Built-in functions for compression/decompression in SQL Server 2016

SQL Server 2016 provides built in functions for compression and decompression:

  • COMPRESS - compress data using GZip algorithm and returns binary data.
  • DECOMPRESS - decompress binary data using GZip algorithm and returns binary data. You will need to cast binary data to text if you have originally compressed text.

These functions use standard GZip algorithm so you can compress data in application layer/client side and send compressed data to SQL Server, or you can compress data in SELECT query and DECOMPRESS it in client side.

In this example I will create standard table with binary data that will contain compressed content:

 CREATE TABLE People (
 _id int primary key identity,
 name nvarchar(max),
 surname nvarchar(max),
 info varbinary(max)
)

Now, we can directly load compressed information into this column.

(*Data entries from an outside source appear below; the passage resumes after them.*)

section \<open>Labelled partitions of a finite set\<close>

definition labelled_partitions_on ::
    "nat \<Rightarrow> 'a set \<Rightarrow> nat \<Rightarrow> nat \<Rightarrow> ('a set set \<times> ('a set \<Rightarrow> nat)) set" where
  "labelled_partitions_on m A k r =
     {(P, g). partition_on A P \<and> card P = r + k - 1 \<and> (\<forall>B\<in>P. card B \<le> m)
        \<and> g \<in> P \<rightarrow>\<^sub>E {1..k}
        \<and> card {B\<in>P. g B = 1} = r
        \<and> bij_betw g {B\<in>P. g B \<noteq> 1} {2..k}}"

lemma labelled_partitions_eq_on: "labelled_partitions m N k r = labelled_partitions_on m {1..N} k r"
  by (simp add: labelled_partitions_def labelled_partitions_on_def)

lemma labelled_partitions_onD:
  "(P, g) \<in> labelled_partitions_on m A k r \<Longrightarrow>
     partition_on A P \<and> (\<forall>B\<in>P. card B \<le> m) \<and> g \<in> extensional P"
  by (simp add: labelled_partitions_on_def PiE_iff)

lemma finite_labelled_partitions_on:
  assumes "finite A"
  shows "finite (labelled_partitions_on m A k r)"
proof (rule finite_subset)
  show "labelled_partitions_on m A k r \<subseteq> (SIGMA P:{P. partition_on A P}. P \<rightarrow>\<^sub>E {1..k})"
    by (auto simp: labelled_partitions_on_def)
  show "finite (SIGMA P:{P. partition_on A P}. P \<rightarrow>\<^sub>E {1..k})"
    using assms finitely_many_partition_on finite_elements by (intro finite_SigmaI finite_PiE) auto
qed

definition bounded_blocks :: "nat \<Rightarrow> 'a set \<Rightarrow> 'a set set" where
  "bounded_blocks m A = {B. B \<subseteq> A \<and> B \<noteq> {} \<and> card B \<le> m}"

lemma finite_bounded_blocks: "finite A \<Longrightarrow> finite (bounded_blocks m A)"
  unfolding bounded_blocks_def by (rule finite_subset[of _ "Pow A"]) auto

lemma sum_bounded_blocks:
  assumes "finite A"
  shows "(\<Sum>B\<in>bounded_blocks m A. f (card (A - B))) = (\<Sum>j = 1..m. (card A choose j) * f (card A - j))"
proof -
  have blocks: "bounded_blocks m A = (\<Union>j\<in>{1..m}. {B. B \<subseteq> A \<and> card B = j})"
    using assms by (auto simp: bounded_blocks_def finite_subset Suc_le_eq card_gt_0_iff)
  have "(\<Sum>B\<in>bounded_blocks m A. f (card (A - B)))
      = (\<Sum>j = 1..m. \<Sum>B\<in>{B. B \<subseteq> A \<and> card B = j}. f (card (A - B)))"
    unfolding blocks using assms by (intro sum.UNION_disjoint) (auto intro: finite_subset)
  also have "\<dots> = (\<Sum>j = 1..m. \<Sum>B\<in>{B. B \<subseteq> A \<and> card B = j}. f (card A - j))"
    using assms by (intro sum.cong refl) (auto simp: card_Diff_subset finite_subset)
  also have "\<dots> = (\<Sum>j = 1..m. (card A choose j) * f (card A - j))"
    by (simp add: n_subsets[OF assms])
  finally show ?thesis .
qed

lemma sum_bounded_blocks_T_le:
  "finite A \<Longrightarrow> (\<Sum>B\<in>bounded_blocks m A. T_le m (card (A - B)) b) = T_le m (card A) (Suc b)"
  using sum_bounded_blocks[of A "\<lambda>n. T_le m n b" m] by simp

lemma partition_on_Diff_block:
  assumes "partition_on A P" "B \<in> P"
  shows "partition_on (A - B) (P - {B})"
proof -
  have "disjnt B (\<Union>(P - {B}))"
    using partition_onD2[OF assms(1)] assms(2) by (auto simp: disjnt_def disjoint_def)
  moreover have "partition_on A (insert B (P - {B}))"
    using assms by (simp add: insert_absorb)
  ultimately show ?thesis using partition_on_insert by blast
qed

lemma partition_on_insert_block:
  assumes "partition_on (A - B) Q" "B \<subseteq> A" "B \<noteq> {}"
  shows "partition_on A (insert B Q)" "B \<notin> Q"
proof -
  have "\<Union>Q = A - B" using partition_onD1[OF assms(1)] by simp
  then show "partition_on A (insert B Q)" "B \<notin> Q"
    using assms by (auto simp: partition_on_insert disjnt_def)
qed

lemma labelled_partitions_on_remove_unlabelled:
  assumes x: "(P, g) \<in> labelled_partitions_on m A k (Suc r)" and B: "B \<in> P" "g B = 1"
    and "finite A"
  shows "(P - {B}, restrict g (P - {B})) \<in> labelled_partitions_on m (A - B) k r"
proof -
  have part: "partition_on A P" and cardP: "card P = Suc r + k - 1"
    and small: "\<forall>C\<in>P. card C \<le> m" and g: "g \<in> P \<rightarrow>\<^sub>E {1..k}"
    and unl: "card {C\<in>P. g C = 1} = Suc r" and bij: "bij_betw g {C\<in>P. g C \<noteq> 1} {2..k}"
    using x by (simp_all add: labelled_partitions_on_def)
  have "finite P" using finite_elements[OF \<open>finite A\<close> part] .
  have "{C \<in> P - {B}. restrict g (P - {B}) C = 1} = {C\<in>P. g C = 1} - {B}"
    by auto
  moreover have "card ({C\<in>P. g C = 1} - {B}) = r"
    using unl B \<open>finite P\<close> by simp
  moreover have "{C \<in> P - {B}. restrict g (P - {B}) C \<noteq> 1} = {C\<in>P. g C \<noteq> 1}"
    using B by auto
  moreover have "bij_betw (restrict g (P - {B})) {C\<in>P. g C \<noteq> 1} {2..k}"
    using bij B by (subst bij_betw_cong[where g = g]) auto
  moreover have "restrict g (P - {B}) \<in> (P - {B}) \<rightarrow>\<^sub>E {1..k}"
    using g by (auto simp: PiE_iff)
  ultimately show ?thesis
    using partition_on_Diff_block[OF part B(1)] cardP small \<open>finite P\<close> B(1)
    by (simp add: labelled_partitions_on_def)
qed

lemma labelled_partitions_on_insert_unlabelled:
  assumes y: "(Q, h) \<in> labelled_partitions_on m (A - B) k r" and B: "B \<in> bounded_blocks m A"
    and "1 \<le> k" "finite A"
  shows "(insert B Q, h(B := 1)) \<in> labelled_partitions_on m A k (Suc r)"
proof -
  have part: "partition_on (A - B) Q" and cardQ: "card Q = r + k - 1"
    and small: "\<forall>C\<in>Q. card C \<le> m" and h: "h \<in> Q \<rightarrow>\<^sub>E {1..k}"
    and unl: "card {C\<in>Q. h C = 1} = r" and bij: "bij_betw h {C\<in>Q. h C \<noteq> 1} {2..k}"
    using y by (simp_all add: labelled_partitions_on_def)
  have "finite Q" using finite_elements[OF _ part] \<open>finite A\<close> by simp
  have "partition_on A (insert B Q)" "B \<notin> Q"
    using partition_on_insert_block[OF part] B by (auto simp: bounded_blocks_def)
  moreover have "{C \<in> insert B Q. (h(B := 1)) C = 1} = insert B {C\<in>Q. h C = 1}"
    by auto
  moreover have "{C \<in> insert B Q. (h(B := 1)) C \<noteq> 1} = {C\<in>Q. h C \<noteq> 1}"
    using \<open>B \<notin> Q\<close> by auto
  moreover have "bij_betw (h(B := 1)) {C\<in>Q. h C \<noteq> 1} {2..k}"
    using bij \<open>B \<notin> Q\<close> by (subst bij_betw_cong[where g = h]) auto
  moreover have "h(B := 1) \<in> insert B Q \<rightarrow>\<^sub>E {1..k}"
    using h \<open>1 \<le> k\<close> by (auto simp: PiE_def extensional_def)
  ultimately show ?thesis
    using cardQ small unl B \<open>finite Q\<close> \<open>1 \<le> k\<close>
    by (simp add: labelled_partitions_on_def bounded_blocks_def)
qed

lemma bij_betw_Diff_max:
  assumes "bij_betw g S {a..Suc k}" "B \<in> S" "g B = Suc k"
  shows "bij_betw g (S - {B}) {a..k}"
proof -
  have "bij_betw g (S - {B}) ({a..Suc k} - {Suc k})"
    using assms bij_betw_apply[OF assms(1,2)] by (intro bij_betw_DiffI) auto
  moreover have "{a..Suc k} - {Suc k} = {a..k}" by auto
  ultimately show ?thesis by simp
qed

lemma bij_betw_fun_upd_insert_max:
  assumes "bij_betw h S {a..k}" "B \<notin> S" "a \<le> Suc k"
  shows "bij_betw (h(B := Suc k)) (insert B S) {a..Suc k}"
proof -
  have "bij_betw (h(B := Suc k)) S {a..k}"
    using assms(1,2) by (subst bij_betw_cong[where g = h]) auto
  then have "bij_betw (h(B := Suc k)) (S \<union> {B}) ({a..k} \<union> {Suc k})"
    using notIn_Un_bij_betw3[of B S "h(B := Suc k)" "{a..k}"] assms(2) by simp
  moreover have "{a..k} \<union> {Suc k} = {a..Suc k}" using assms(3) by auto
  ultimately show ?thesis by simp
qed

lemma labelled_partitions_on_remove_top:
  assumes x: "(P, g) \<in> labelled_partitions_on m A (Suc k) r" and B: "B \<in> P" "g B = Suc k"
    and "1 \<le> k" "finite A"
  shows "(P - {B}, restrict g (P - {B})) \<in> labelled_partitions_on m (A - B) k r"
proof -
  have part: "partition_on A P" and cardP: "card P = r + Suc k - 1"
    and small: "\<forall>C\<in>P. card C \<le> m" and unl: "card {C\<in>P. g C = 1} = r"
    and bij: "bij_betw g {C\<in>P. g C \<noteq> 1} {2..Suc k}"
    using x by (simp_all add: labelled_partitions_on_def)
  have "finite P" using finite_elements[OF \<open>finite A\<close> part] .
  have bij': "bij_betw g ({C\<in>P. g C \<noteq> 1} - {B}) {2..k}"
    using bij_betw_Diff_max[OF bij] B \<open>1 \<le> k\<close> by simp
  have "{C \<in> P - {B}. restrict g (P - {B}) C = 1} = {C\<in>P. g C = 1}"
    using B \<open>1 \<le> k\<close> by auto
  moreover have "{C \<in> P - {B}. restrict g (P - {B}) C \<noteq> 1} = {C\<in>P. g C \<noteq> 1} - {B}"
    by auto
  moreover have "bij_betw (restrict g (P - {B})) ({C\<in>P. g C \<noteq> 1} - {B}) {2..k}"
    using bij' by (subst bij_betw_cong[where g = g]) auto
  moreover have "restrict g (P - {B}) \<in> (P - {B}) \<rightarrow>\<^sub>E {1..k}"
  proof -
    have "g C \<in> {1..k}" if "C \<in> P - {B}" for C
    proof (cases "g C = 1")
      case False
      with that show ?thesis using bij_betw_apply[OF bij', of C] by auto
    qed (use \<open>1 \<le> k\<close> in simp)
    then show ?thesis by (simp add: restrict_PiE_iff)
  qed
  ultimately show ?thesis
    using partition_on_Diff_block[OF part B(1)] cardP small unl \<open>finite P\<close> B(1) \<open>1 \<le> k\<close>
    by (simp add: labelled_partitions_on_def)
qed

 INSERT INTO People (name, surname, info)
 SELECT FirstName, LastName, COMPRESS(AdditionalInfo) FROM Person.Person
 

We can return compressed data directly to client who can decompress it, or we can decompress data in query:

 SELECT name, surname, DECOMPRESS(info) AS original
 FROM People

As an alternative, we can add computed column (non-persisted) that dynamically decompress data:

 ALTER TABLE People
 ADD info_text as CAST( DECOMPRESS(info) AS NVARCHAR(MAX))

What is compression rate?

You can try it - just create any text, compress it and see the ratio:

 declare @text nvarchar(max) = (select top 100 * from sys.all_objects for json path)
select DATALENGTH(@text) AS original, DATALENGTH(COMPRESS(@text)) AS compressed, 1.0 * DATALENGTH(@text) / DATALENGTH(COMPRESS(@text)) AS ratio 

You can change the number of rows that will be formatted as JSON to change size of text.

With these functions you can choose what data should be compressed in your tables. Compression may help you if you have text data, but if you have already compressed binary content (jpeg, pdf) you might not have good compression ratio and you will just spend CPU cycles.